Aug. 9th, 2010

abigailnicole: (Default)

We're officially moved in! Have a picture. It's the kitchen because that's the most furnished room right now.

I've been reading arsene lupin on my iPod--classic book app, since I finished The Disappearing Spoon this morning and the library is closed Sunday. We're going to go later today.

All the furniture so far is mostly mine, my bedroom aside--sofa bed, coffee table, end table, kitchen table & chairs, armchair. Besides that it's pretty bare, though Bailey's mum is getting us a futon for the back room soon (we pick it up today). We don't have internet either. I can steal from a neighbor but its fleeting, so I apologize for the lack of updates.

I went through Faine's boxes, with lots of exclamations of "Thanks Faine!!" in various tones of joy (dishes, spices) and confusion (so much cumin? like twelve ounces of cumin. not joking. also so many ponchos!). Her furniture is fantastic. We bleach-water-washed everything due to mom's fear of mold, polished the wood, vacuumed the upholstery, and unpacked the mysterious kitchen boxes that contained pots, pans, spices, food, and a mysterious pair of shoes. ??? okay.

This is fine for me because I love inheriting other people's stuff, I like getting furniture and boxes with odds and ends from someone else's life and going through it to see what they thought was important, what they kept and collected. I like things that already have life when they're given to you, and a good life, it's almost like you're expected to carry that into future generations. Same reason I love my grandparent's house: full of furniture (I suspect a good one-third or more of their furniture is hidden under beds and things, because they have more furniture than house. I told grandmom I'd buy a house so she'd have somewhere to keep her extra furniture), old books, old pictures, old things people have made. There's a reason my purse right now is a carpetbag of unidentifiable age I found in my grandmother's closet. I like old things. Also mum said the mattress smelled like marijuana. Oh, Faine.

I'm still in a transition phase; that first week, from school to home or home back to school, is always disconcerting; I'm not sure what the routine is yet, I know what I would do at home but here? And it's always accompanied from a busy-to-nothing shift, from finals to staring at my room in KY, from MCAT-library-working-packing-crazy to moving in, with my most strenuous duties being grocery shopping and cooking dinner. It takes a while to get reoriented. I have confidence that things will be better when Evian gets here.
abigailnicole: (books)

I read Sam Kean's The Disappearing Spoon in the car on the way down, finishing up the last chapter yesterday in the apartment. It reminded me a lot of Bill Bryson's A Short History of Nearly Everything for the reason that they're both wacky science history books: books about the history of science and how these scientists actually came up with all the stuff we know now.

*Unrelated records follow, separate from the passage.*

text \<open>The point \<open>y\<close> comes from a maximiser \<open>(a\<^sub>0, b\<^sub>0, c\<^sub>0)\<close> of the concave function
  \<open>-\<parallel>a - b\<parallel>\<^sup>2/4 - c\<close> on the convex hull of the points \<open>(a, b, \<langle>a, b\<rangle>)\<close>: monotonicity makes the
  maximum nonpositive, \<open>y = (a\<^sub>0 - b\<^sub>0)/2\<close>, and the claim is the first-order condition.\<close>
lemma finite_monotone_ex_inner_le_0:
  fixes S :: "('a::real_inner \<times> 'a) set"
  assumes "finite S"
    and monotone: "\<And>a b a' b'. (a, b) \<in> S \<Longrightarrow> (a', b') \<in> S \<Longrightarrow> inner (a - a') (b - b') \<ge> 0"
  shows "\<exists>y. \<forall>(a, b)\<in>S. inner (y - a) (y + b) \<le> 0"
proof (cases "S = {}")
  case False
  define f :: "'a \<times> 'a \<Rightarrow> 'a \<times> 'a \<times> real" where "f = (\<lambda>(a, b). (a, b, inner a b))"
  define K where "K = convex hull (f ` S)"
  define G :: "'a \<times> 'a \<times> real \<Rightarrow> real" where
    "G = (\<lambda>(a, b, c). - (norm (a - b))\<^sup>2 / 4 - c)"
  have "compact K" unfolding K_def using \<open>finite S\<close> by (simp add: finite_imp_compact_convex_hull)
  moreover have "K \<noteq> {}" unfolding K_def using False by simp
  moreover have "continuous_on K G" unfolding G_def case_prod_beta by (intro continuous_intros) auto
  ultimately obtain q where "q \<in> K" and max: "\<And>q'. q' \<in> K \<Longrightarrow> G q' \<le> G q"
    using continuous_attains_sup by metis
  obtain qa qb qc where q: "q = (qa, qb, qc)" by (cases q) auto
  have "inner qa qb \<le> qc"
    using monotone_convex_hull_lift_inner_le[OF \<open>finite S\<close> monotone] \<open>q \<in> K\<close>
    unfolding K_def f_def q by fastforce
  moreover have "(norm (qa + qb))\<^sup>2 = (norm (qa - qb))\<^sup>2 + 4 * inner qa qb"
    by (simp add: power2_norm_eq_inner inner_add_left inner_add_right inner_diff_left inner_diff_right inner_commute)
  ultimately have "G q \<le> 0" unfolding G_def q using zero_le_power2[of "norm (qa + qb)"] by simp
  define y where "y = (1/2) *\<^sub>R (qa - qb)"
  have "inner (y - a) (y + b) \<le> 0" if "(a, b) \<in> S" for a b
  proof -
    define E where "E = (a - b) - (qa - qb)"
    define X where "X = - inner (qa - qb) E / 2 - (inner a b - qc)"
    have expand: "G ((1 - t) *\<^sub>R q + t *\<^sub>R f (a, b)) = G q + t * X - t\<^sup>2 * ((norm E)\<^sup>2 / 4)" for t
    proof -
      have "(1 - t) *\<^sub>R q + t *\<^sub>R f (a, b) = (qa + t *\<^sub>R (a - qa), qb + t *\<^sub>R (b - qb), qc + t * (inner a b - qc))"
        unfolding q f_def by (simp add: algebra_simps)
      moreover have "qa + t *\<^sub>R (a - qa) - (qb + t *\<^sub>R (b - qb)) = (qa - qb) + t *\<^sub>R E"
        unfolding E_def by (simp add: algebra_simps)
      moreover have "(norm ((qa - qb) + t *\<^sub>R E))\<^sup>2 = (norm (qa - qb))\<^sup>2 + 2 * t * inner (qa - qb) E + t\<^sup>2 * (norm E)\<^sup>2"
        unfolding power2_norm_eq_inner by (simp add: inner_commute algebra_simps power2_eq_square)
      ultimately show ?thesis unfolding G_def q X_def by (simp add: field_simps)
    qed
    have "convex K" unfolding K_def by simp
    moreover have "f (a, b) \<in> K" unfolding K_def using \<open>(a, b) \<in> S\<close> by (intro hull_inc) auto
    ultimately have "X \<le> 0" by (rule convex_max_quadratic_slope_nonpos[OF _ \<open>q \<in> K\<close> _ max expand])
    moreover have "inner (y - a) (y + b) = G q + X"
      unfolding y_def G_def q X_def E_def
      by (simp add: power2_norm_eq_inner inner_add_left inner_add_right inner_diff_left inner_diff_right inner_commute field_simps)
    ultimately show ?thesis using \<open>G q \<le> 0\<close> by simp
  qed
  then show ?thesis by blast
qed simp

section \<open>Minty's theorem\<close>

lemma maximal_monotone_memI:
  assumes "maximal_monotone A" and related: "\<And>a b. b \<in> A a \<Longrightarrow> inner (y - a) (v - b) \<ge> 0"
  shows "v \<in> A y"
proof -
  define B where "B = A(y := insert v (A y))"
  have "monotone_operator A" using assms(1) unfolding maximal_monotone_def by simp
  have related': "inner (a - y) (b - v) \<ge> 0" if "b \<in> A a" for a b
    using related[OF that] by (simp add: inner_diff_left inner_diff_right)
  have "monotone_operator B" unfolding monotone_operator_def
  proof (intro allI impI)
    fix x1 x2 u1 u2 assume "u1 \<in> B x1" "u2 \<in> B x2"
    then consider "u1 \<in> A x1" "u2 \<in> A x2" | "x1 = y" "u1 = v" "u2 \<in> A x2"
      | "u1 \<in> A x1" "x2 = y" "u2 = v" | "x1 = y" "u1 = v" "x2 = y" "u2 = v"
      unfolding B_def by (auto split: if_splits)
    then show "inner (x1 - x2) (u1 - u2) \<ge> 0"
      by cases (use \<open>monotone_operator A\<close> related related' in \<open>auto simp: monotone_operator_def\<close>)
  qed
  then have "B = A" using assms(1) unfolding maximal_monotone_def B_def by auto
  then show ?thesis unfolding B_def by (metis fun_upd_same insertI1)
qed

lemma inner_le_0_iff_mem_cball:
  fixes y a c :: "'a::real_inner"
  shows "inner (y - a) (y + c) \<le> 0 \<longleftrightarrow> y \<in> cball ((1/2) *\<^sub>R (a - c)) (norm (a + c) / 2)"
proof -
  have "inner (y - a) (y + c) = (norm ((1/2) *\<^sub>R (a - c) - y))\<^sup>2 - (norm (a + c) / 2)\<^sup>2"
    unfolding power2_norm_eq_inner power_divide
    by (simp add: inner_commute algebra_simps power2_eq_square)
  then show ?thesis by (simp add: dist_norm abs_le_square_iff[symmetric])
qed

lemma monotone_ex_inner_le_0:
  fixes S :: "('a::{real_inner,complete_space} \<times> 'a) set"
  assumes monotone: "\<And>a b a' b'. (a, b) \<in> S \<Longrightarrow> (a', b') \<in> S \<Longrightarrow> inner (a - a') (b - b') \<ge> 0"
  shows "\<exists>y. \<forall>(a, b)\<in>S. inner (y - a) (y + b) \<le> 0"
proof (cases "S = {}")
  case False
  then obtain s0 where "s0 \<in> S" by blast
  define K :: "'a \<times> 'a \<Rightarrow> 'a set" where "K = (\<lambda>(a, b). cball ((1/2) *\<^sub>R (a - b)) (norm (a + b) / 2))"
  have K: "closed (K s)" "convex (K s)" "bounded (K s)" for s by (cases s, simp add: K_def)+
  have "K s0 \<inter> (\<Inter>s\<in>S. K s) \<noteq> {}"
  proof (rule bounded_closed_convex_fip[OF K(1) K(1) K(2) K(2) K(3)])
    fix F assume "finite F" "F \<subseteq> S"
    then have "finite (insert s0 F)" "insert s0 F \<subseteq> S" using \<open>s0 \<in> S\<close> by auto
    moreover have "inner (a - a') (b - b') \<ge> 0"
      if "(a, b) \<in> insert s0 F" "(a', b') \<in> insert s0 F" for a b a' b'
      using that \<open>insert s0 F \<subseteq> S\<close> monotone by blast
    ultimately obtain y where y: "\<forall>(a, b)\<in>insert s0 F. inner (y - a) (y + b) \<le> 0"
      using finite_monotone_ex_inner_le_0[of "insert s0 F"] by blast
    have "y \<in> K s" if "s \<in> insert s0 F" for s
      using y that unfolding K_def by (auto simp: inner_le_0_iff_mem_cball)
    then show "K s0 \<inter> (\<Inter>s\<in>F. K s) \<noteq> {}" by blast
  qed
  then obtain y where "\<And>s. s \<in> S \<Longrightarrow> y \<in> K s" by blast
  then have "inner (y - a) (y + b) \<le> 0" if "(a, b) \<in> S" for a b
    using that by (force simp: K_def inner_le_0_iff_mem_cball)
  then show ?thesis by blast
qed simp

text \<open>By maximality, \<open>(1/\<lambda>)(x - y) \<in> A y\<close> as soon as \<open>\<langle>y - a, y + \<lambda>b - x\<rangle> \<le> 0\<close> for all
  \<open>b \<in> A a\<close>, and the pairs \<open>(a, \<lambda>b - x)\<close> form a monotone set.\<close>
theorem Minty_surjectivity:
  fixes A :: "'a::{real_inner,complete_space} \<Rightarrow> 'a set"
  assumes "maximal_monotone A" and "lam > 0"
  shows "\<exists>y. (1/lam) *\<^sub>R (x - y) \<in> A y"
proof -
  have "monotone_operator A" using assms(1) unfolding maximal_monotone_def by simp
  define S where "S = {(a, lam *\<^sub>R b - x) | a b. b \<in> A a}"
  have S_monotone: "inner (a - a') (c - c') \<ge> 0" if in_S: "(a, c) \<in> S" "(a', c') \<in> S" for a c a' c'
  proof -
    obtain b b' where "b \<in> A a" "b' \<in> A a'" "c = lam *\<^sub>R b - x" "c' = lam *\<^sub>R b' - x"
      using in_S unfolding S_def by auto
    moreover have "lam *\<^sub>R b - x - (lam *\<^sub>R b' - x) = lam *\<^sub>R (b - b')" by (simp add: algebra_simps)
    ultimately show ?thesis
      using \<open>monotone_operator A\<close> \<open>lam > 0\<close> unfolding monotone_operator_def by simp
  qed
  obtain y where y: "\<forall>(a, c)\<in>S. inner (y - a) (y + c) \<le> 0"
    using monotone_ex_inner_le_0[OF S_monotone] by blast
  have "inner (y - a) ((1/lam) *\<^sub>R (x - y) - b) \<ge> 0" if "b \<in> A a" for a b
  proof -
    have "inner (y - a) (y + (lam *\<^sub>R b - x)) \<le> 0" using y that unfolding S_def by blast
    moreover have "(1/lam) *\<^sub>R (x - y) - b = (- 1/lam) *\<^sub>R (y + (lam *\<^sub>R b - x))"
      using \<open>lam > 0\<close> by (simp add: algebra_simps)
    ultimately show ?thesis using \<open>lam > 0\<close> by (simp add: divide_nonpos_pos)
  qed
  then show ?thesis using maximal_monotone_memI[OF assms(1)] by blast
qed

This book, however, was just chemistry, instead of the catch-all of A Short History, and that's why I loved it....because I love chemistry. It's subtitled "and other true tales of Madness, Love, and the History of the World from the Periodic Table of the Elements" and !!! I love the periodic table. I got a periodic table app and was so excited because you can click on an element, and it give you the founder, and the date it was founded, and a picture of the most thermodynamically stable form of that element. :D So I was playing around with this and exclaiming to my mom: "Look, elemental sulfur!" until she was like "NICOLE GET A BOYFRIEND" (actual quote, I was hurt) but then it reminded her that she got this book for me.

I think I liked this so much because you're not given a science history lesson. You learn the Nernst equation and what Lewis acids and bases are, but not who Nernst and Lewis were. Gilbert Lewis, by the way, he of Lewis structures and the famous Lewis acids (electron pair acceptor!) and bases (electron pair donor!), was a brilliant scientists who contributed to our knowledge of how electrons are important in bonding in atoms. He got passed over for the Nobel prize five times :( and eventually killed himself with cyanide gas after one of his younger, more attractive students won the Nobel prize. Tons of his students won the Nobel, by the way. Poor dude.

But that's just an example. Besides giving a brief history of almost all the elements (it get a little jumbled, just because there are so many and transition metals are all very similiar) and how they were founded, you also find out fun things like which one is the most rare? (actinium) and why? (radioactivity: there are only 20 ounces in the whole world). I suspect if you don't like chemistry you won't find this engaging at all--some prior knowledge of chemistry will definitely make you a lot more familiar with the concepts, but I don't know if someone who doesn't like chemistry or knows nothing about it would be able to keep up.

That being said, I want everyone who's taken AP or college chemistry to read this book, maybe before your second semester. It'll make the subject matter a lot more interesting and give life to those equations you've blown off all year.